[[ Data for this task, beginning ]]

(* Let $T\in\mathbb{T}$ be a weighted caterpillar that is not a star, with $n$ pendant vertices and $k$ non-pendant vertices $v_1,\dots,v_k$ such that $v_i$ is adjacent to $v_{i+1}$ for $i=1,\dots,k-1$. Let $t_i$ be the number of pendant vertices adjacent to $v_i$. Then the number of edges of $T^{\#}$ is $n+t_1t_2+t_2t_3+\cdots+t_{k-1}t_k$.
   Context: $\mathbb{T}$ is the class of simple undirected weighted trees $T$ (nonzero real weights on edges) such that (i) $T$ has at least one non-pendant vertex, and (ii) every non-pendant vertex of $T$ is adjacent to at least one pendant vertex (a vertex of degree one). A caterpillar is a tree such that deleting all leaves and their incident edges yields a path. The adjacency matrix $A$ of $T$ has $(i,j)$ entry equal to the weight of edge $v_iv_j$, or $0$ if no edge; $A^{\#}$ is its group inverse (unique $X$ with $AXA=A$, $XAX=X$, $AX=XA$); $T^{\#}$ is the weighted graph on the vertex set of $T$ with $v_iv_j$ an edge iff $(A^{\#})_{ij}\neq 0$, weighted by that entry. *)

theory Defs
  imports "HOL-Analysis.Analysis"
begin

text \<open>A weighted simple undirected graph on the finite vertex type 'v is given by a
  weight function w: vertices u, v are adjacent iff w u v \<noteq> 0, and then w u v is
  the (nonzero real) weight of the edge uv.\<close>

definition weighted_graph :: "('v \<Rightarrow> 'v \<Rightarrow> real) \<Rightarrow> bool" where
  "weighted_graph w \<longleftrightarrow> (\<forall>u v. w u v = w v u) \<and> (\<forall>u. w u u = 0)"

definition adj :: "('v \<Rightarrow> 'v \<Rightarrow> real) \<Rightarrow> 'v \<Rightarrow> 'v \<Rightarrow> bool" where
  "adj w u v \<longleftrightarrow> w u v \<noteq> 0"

[[ Data for this task, end ]]
[[ Data for this task, beginning ]]

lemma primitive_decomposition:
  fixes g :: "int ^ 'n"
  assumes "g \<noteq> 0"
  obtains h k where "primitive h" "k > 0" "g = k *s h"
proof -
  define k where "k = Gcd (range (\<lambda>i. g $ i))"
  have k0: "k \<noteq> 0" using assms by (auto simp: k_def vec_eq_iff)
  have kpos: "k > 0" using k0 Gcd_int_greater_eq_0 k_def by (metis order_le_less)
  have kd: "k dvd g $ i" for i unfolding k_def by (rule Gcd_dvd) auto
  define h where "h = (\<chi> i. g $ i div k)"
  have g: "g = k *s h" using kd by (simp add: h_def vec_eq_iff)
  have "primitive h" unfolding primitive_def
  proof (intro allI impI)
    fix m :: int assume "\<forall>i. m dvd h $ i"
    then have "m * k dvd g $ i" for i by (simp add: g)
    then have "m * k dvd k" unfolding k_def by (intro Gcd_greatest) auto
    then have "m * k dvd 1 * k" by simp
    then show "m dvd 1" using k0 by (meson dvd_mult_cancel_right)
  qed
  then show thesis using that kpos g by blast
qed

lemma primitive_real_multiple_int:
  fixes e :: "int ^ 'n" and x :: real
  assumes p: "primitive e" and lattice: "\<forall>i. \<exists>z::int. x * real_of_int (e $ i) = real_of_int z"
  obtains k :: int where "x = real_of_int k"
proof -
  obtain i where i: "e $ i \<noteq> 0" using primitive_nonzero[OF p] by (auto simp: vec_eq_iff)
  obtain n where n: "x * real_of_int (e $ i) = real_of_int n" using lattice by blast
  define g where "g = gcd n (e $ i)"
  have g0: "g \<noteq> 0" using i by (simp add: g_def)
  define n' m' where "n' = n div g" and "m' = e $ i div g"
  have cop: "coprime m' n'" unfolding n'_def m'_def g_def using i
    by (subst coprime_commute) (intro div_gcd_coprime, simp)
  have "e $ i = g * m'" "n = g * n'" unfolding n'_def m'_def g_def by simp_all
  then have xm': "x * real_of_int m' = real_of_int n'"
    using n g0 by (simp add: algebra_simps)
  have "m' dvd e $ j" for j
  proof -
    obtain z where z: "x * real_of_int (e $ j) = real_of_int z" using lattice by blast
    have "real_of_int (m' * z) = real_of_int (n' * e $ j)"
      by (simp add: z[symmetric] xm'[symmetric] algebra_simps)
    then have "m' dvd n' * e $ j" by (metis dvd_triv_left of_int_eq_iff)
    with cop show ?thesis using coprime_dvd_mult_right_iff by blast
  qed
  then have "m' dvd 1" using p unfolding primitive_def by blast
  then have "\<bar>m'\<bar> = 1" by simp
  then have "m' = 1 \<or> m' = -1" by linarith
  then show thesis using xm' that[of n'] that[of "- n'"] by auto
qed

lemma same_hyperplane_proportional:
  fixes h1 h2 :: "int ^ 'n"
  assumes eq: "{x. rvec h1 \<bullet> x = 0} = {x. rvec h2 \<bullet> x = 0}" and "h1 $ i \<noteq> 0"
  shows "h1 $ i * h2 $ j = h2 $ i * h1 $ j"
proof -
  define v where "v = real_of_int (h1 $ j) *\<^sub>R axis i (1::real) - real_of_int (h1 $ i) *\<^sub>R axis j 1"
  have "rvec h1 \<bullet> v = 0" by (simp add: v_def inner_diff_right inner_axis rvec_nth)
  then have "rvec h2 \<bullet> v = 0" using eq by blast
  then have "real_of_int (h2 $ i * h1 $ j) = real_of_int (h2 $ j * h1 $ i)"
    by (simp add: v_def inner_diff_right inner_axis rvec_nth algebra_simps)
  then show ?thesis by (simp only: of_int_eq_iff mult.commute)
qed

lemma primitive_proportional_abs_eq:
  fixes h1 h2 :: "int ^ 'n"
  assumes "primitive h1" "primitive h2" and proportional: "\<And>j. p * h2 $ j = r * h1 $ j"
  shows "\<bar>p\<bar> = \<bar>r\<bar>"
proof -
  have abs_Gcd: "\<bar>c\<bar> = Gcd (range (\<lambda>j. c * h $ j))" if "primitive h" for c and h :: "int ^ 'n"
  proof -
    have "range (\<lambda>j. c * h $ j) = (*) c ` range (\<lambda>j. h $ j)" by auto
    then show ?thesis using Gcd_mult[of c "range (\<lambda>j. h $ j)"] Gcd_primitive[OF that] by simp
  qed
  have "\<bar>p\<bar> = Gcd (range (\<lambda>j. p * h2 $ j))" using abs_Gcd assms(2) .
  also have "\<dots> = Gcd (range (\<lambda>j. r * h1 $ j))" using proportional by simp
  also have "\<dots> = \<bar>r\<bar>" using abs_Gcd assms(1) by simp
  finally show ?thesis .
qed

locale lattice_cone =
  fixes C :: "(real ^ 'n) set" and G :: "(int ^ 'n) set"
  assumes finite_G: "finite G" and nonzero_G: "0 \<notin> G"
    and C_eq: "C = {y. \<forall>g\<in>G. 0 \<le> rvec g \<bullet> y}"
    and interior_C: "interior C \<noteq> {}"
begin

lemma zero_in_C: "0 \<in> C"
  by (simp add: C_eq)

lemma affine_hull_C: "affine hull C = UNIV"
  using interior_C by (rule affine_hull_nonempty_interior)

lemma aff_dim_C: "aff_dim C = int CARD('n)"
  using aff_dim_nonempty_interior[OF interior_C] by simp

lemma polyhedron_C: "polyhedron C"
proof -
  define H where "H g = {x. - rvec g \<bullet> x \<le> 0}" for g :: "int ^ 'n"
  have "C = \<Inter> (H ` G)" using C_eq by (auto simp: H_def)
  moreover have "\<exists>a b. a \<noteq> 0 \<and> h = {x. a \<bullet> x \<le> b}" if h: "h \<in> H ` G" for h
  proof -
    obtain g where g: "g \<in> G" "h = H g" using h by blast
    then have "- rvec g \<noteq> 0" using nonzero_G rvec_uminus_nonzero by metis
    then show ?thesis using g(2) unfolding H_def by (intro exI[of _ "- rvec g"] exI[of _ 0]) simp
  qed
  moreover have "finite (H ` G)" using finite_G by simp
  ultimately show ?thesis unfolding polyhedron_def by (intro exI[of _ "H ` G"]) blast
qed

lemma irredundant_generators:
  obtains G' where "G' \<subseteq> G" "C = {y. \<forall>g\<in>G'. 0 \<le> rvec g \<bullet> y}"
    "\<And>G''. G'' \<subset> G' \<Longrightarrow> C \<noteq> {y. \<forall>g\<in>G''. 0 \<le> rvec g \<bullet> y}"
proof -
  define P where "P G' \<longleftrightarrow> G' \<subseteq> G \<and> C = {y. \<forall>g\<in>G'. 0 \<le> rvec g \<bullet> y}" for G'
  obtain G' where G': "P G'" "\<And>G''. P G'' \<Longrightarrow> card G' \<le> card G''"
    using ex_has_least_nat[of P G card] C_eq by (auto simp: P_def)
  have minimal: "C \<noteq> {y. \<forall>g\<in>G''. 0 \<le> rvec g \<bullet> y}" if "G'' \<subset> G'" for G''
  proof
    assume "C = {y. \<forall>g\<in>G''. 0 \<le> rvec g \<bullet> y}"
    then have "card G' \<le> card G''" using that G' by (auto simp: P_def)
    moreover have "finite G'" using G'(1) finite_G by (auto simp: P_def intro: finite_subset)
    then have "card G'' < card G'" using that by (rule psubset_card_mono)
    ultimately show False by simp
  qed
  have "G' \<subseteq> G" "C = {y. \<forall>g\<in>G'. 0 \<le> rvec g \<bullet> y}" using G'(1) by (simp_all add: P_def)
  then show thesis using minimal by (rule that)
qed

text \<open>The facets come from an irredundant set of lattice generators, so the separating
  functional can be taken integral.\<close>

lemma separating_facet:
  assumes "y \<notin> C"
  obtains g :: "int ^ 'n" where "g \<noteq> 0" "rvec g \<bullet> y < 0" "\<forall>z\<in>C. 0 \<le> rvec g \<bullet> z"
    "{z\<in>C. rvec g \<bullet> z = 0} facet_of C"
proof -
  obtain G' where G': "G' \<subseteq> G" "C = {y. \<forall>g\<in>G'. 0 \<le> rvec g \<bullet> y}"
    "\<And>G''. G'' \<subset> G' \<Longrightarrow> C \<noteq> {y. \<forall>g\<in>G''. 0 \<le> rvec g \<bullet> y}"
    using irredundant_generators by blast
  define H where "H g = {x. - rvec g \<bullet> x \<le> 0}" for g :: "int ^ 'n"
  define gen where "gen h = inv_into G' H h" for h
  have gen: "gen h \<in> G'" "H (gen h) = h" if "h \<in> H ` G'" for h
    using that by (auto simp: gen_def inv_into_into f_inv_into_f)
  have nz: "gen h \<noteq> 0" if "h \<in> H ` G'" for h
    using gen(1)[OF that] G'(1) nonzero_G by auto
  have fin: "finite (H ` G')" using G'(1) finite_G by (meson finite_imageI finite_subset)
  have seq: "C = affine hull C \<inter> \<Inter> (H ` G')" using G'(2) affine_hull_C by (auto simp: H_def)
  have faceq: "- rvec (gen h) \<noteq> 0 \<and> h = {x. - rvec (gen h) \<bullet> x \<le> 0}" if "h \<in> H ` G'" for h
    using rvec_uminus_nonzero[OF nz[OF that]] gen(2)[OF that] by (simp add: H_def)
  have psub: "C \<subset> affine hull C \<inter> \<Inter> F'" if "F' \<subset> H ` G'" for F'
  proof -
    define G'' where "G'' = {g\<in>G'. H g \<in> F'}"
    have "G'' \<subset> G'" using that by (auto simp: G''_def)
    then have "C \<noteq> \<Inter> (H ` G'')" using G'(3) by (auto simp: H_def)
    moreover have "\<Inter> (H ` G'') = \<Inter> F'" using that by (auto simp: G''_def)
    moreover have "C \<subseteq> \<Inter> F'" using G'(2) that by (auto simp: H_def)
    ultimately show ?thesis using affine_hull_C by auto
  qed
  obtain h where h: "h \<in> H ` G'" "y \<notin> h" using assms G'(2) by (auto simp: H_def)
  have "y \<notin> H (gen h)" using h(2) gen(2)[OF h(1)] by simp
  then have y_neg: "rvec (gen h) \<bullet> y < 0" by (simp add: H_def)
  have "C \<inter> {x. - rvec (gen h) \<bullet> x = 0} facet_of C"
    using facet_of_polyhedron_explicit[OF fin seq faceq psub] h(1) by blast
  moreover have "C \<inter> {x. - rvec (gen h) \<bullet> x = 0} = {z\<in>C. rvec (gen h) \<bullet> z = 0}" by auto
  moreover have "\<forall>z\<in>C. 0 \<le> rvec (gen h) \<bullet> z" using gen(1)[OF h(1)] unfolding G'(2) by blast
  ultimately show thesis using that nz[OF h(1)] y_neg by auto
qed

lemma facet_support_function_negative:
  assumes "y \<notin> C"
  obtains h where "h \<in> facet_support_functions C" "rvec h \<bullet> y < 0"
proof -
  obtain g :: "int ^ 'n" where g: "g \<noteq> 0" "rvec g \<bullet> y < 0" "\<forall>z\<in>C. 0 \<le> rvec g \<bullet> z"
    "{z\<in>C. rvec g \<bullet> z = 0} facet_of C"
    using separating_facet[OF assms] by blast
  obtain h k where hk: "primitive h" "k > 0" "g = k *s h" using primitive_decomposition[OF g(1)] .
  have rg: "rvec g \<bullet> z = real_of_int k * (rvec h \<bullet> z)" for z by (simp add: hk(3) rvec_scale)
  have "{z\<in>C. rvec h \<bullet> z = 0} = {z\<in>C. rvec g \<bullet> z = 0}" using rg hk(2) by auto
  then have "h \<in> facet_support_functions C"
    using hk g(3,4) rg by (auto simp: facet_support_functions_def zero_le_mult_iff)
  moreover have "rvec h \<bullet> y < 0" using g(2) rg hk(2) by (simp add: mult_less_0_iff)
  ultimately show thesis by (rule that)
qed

[[ Data for this task, end ]]
[[ Data for this task, beginning ]]

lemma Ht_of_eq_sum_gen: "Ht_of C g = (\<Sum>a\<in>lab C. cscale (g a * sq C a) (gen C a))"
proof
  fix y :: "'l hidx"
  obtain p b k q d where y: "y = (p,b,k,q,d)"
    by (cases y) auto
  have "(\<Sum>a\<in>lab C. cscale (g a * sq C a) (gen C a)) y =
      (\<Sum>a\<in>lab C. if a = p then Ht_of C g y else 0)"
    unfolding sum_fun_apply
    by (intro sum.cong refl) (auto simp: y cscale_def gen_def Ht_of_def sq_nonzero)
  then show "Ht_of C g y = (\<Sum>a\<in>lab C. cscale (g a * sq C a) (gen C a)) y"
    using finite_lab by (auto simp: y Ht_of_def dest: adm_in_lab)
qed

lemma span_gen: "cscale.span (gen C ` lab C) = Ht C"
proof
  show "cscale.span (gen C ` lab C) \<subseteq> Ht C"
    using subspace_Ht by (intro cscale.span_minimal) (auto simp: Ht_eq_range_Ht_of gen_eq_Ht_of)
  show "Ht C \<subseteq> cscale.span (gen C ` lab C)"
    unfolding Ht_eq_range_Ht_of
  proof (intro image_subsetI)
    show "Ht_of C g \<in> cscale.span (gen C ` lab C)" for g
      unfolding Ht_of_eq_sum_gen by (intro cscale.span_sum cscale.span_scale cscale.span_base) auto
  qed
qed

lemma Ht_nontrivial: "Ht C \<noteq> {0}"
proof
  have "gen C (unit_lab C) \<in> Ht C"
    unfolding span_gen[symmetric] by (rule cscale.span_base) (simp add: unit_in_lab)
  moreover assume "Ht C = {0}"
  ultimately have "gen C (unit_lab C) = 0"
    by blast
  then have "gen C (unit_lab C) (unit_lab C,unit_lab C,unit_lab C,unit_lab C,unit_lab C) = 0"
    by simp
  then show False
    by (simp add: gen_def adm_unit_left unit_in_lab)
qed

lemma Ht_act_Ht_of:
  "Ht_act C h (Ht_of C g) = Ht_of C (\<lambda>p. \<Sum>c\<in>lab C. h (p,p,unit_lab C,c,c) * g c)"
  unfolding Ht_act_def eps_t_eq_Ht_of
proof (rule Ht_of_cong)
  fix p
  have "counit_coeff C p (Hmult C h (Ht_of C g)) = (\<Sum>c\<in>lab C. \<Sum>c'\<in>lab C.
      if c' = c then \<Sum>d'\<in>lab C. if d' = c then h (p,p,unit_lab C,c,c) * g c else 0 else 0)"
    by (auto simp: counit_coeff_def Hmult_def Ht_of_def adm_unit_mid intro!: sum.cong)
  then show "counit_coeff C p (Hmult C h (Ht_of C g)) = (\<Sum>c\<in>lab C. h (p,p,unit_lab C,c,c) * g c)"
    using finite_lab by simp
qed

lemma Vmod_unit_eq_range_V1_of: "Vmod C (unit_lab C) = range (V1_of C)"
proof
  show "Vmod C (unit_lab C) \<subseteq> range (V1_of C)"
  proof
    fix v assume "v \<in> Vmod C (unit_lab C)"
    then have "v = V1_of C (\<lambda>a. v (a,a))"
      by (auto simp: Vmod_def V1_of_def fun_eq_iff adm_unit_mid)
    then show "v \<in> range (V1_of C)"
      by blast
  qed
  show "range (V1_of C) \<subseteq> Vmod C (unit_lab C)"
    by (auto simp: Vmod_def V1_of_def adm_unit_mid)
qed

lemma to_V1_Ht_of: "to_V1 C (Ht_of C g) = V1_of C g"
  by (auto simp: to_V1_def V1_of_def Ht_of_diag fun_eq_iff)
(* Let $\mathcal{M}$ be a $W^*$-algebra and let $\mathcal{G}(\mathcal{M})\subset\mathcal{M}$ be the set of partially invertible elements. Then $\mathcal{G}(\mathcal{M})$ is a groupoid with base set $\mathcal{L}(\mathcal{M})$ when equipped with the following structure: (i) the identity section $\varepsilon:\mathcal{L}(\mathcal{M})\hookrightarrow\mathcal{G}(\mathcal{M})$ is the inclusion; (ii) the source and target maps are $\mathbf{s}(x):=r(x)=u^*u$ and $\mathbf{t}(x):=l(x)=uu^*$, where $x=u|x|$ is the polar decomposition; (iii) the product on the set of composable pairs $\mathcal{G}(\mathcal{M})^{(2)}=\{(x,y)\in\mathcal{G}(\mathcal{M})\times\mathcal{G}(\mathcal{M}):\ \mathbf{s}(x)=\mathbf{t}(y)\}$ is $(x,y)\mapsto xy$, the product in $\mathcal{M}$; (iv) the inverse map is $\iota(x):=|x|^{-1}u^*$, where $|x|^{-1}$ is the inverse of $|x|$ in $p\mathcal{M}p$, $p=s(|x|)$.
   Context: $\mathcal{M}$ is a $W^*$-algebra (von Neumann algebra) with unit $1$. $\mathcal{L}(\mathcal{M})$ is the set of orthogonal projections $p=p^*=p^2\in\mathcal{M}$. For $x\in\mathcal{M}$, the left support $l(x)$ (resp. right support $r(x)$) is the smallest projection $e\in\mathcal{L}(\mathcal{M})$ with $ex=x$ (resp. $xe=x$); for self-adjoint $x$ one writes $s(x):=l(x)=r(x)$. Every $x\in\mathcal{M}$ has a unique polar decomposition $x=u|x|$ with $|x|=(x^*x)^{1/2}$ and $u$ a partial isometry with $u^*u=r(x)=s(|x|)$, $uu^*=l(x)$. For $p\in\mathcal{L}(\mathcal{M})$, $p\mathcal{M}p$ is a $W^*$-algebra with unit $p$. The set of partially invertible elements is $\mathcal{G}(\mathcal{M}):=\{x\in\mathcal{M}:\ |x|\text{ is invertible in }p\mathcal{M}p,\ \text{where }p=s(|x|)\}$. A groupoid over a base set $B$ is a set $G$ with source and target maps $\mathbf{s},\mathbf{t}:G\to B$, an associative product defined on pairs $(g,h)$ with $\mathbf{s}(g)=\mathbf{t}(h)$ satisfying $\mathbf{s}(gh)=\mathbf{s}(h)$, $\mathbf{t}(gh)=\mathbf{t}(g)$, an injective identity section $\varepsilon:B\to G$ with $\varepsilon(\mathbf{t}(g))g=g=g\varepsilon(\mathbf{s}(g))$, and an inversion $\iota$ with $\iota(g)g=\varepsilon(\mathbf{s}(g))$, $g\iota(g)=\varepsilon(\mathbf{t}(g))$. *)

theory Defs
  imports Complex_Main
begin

[[ Data for this task, end ]]

Assigned task: Every line above from the line with "if c' = c then" to the line with "by (auto simp: counit_coeff_def" is wanted, ends included; write them out exactly and add no other line.

Answer to the exercise:
      if c' = c then \<Sum>d'\<in>lab C. if d' = c then h (p,p,unit_lab C,c,c) * g c else 0 else 0)"
    by (auto simp: counit_coeff_def Hmult_def Ht_of_def adm_unit_mid intro!: sum.cong)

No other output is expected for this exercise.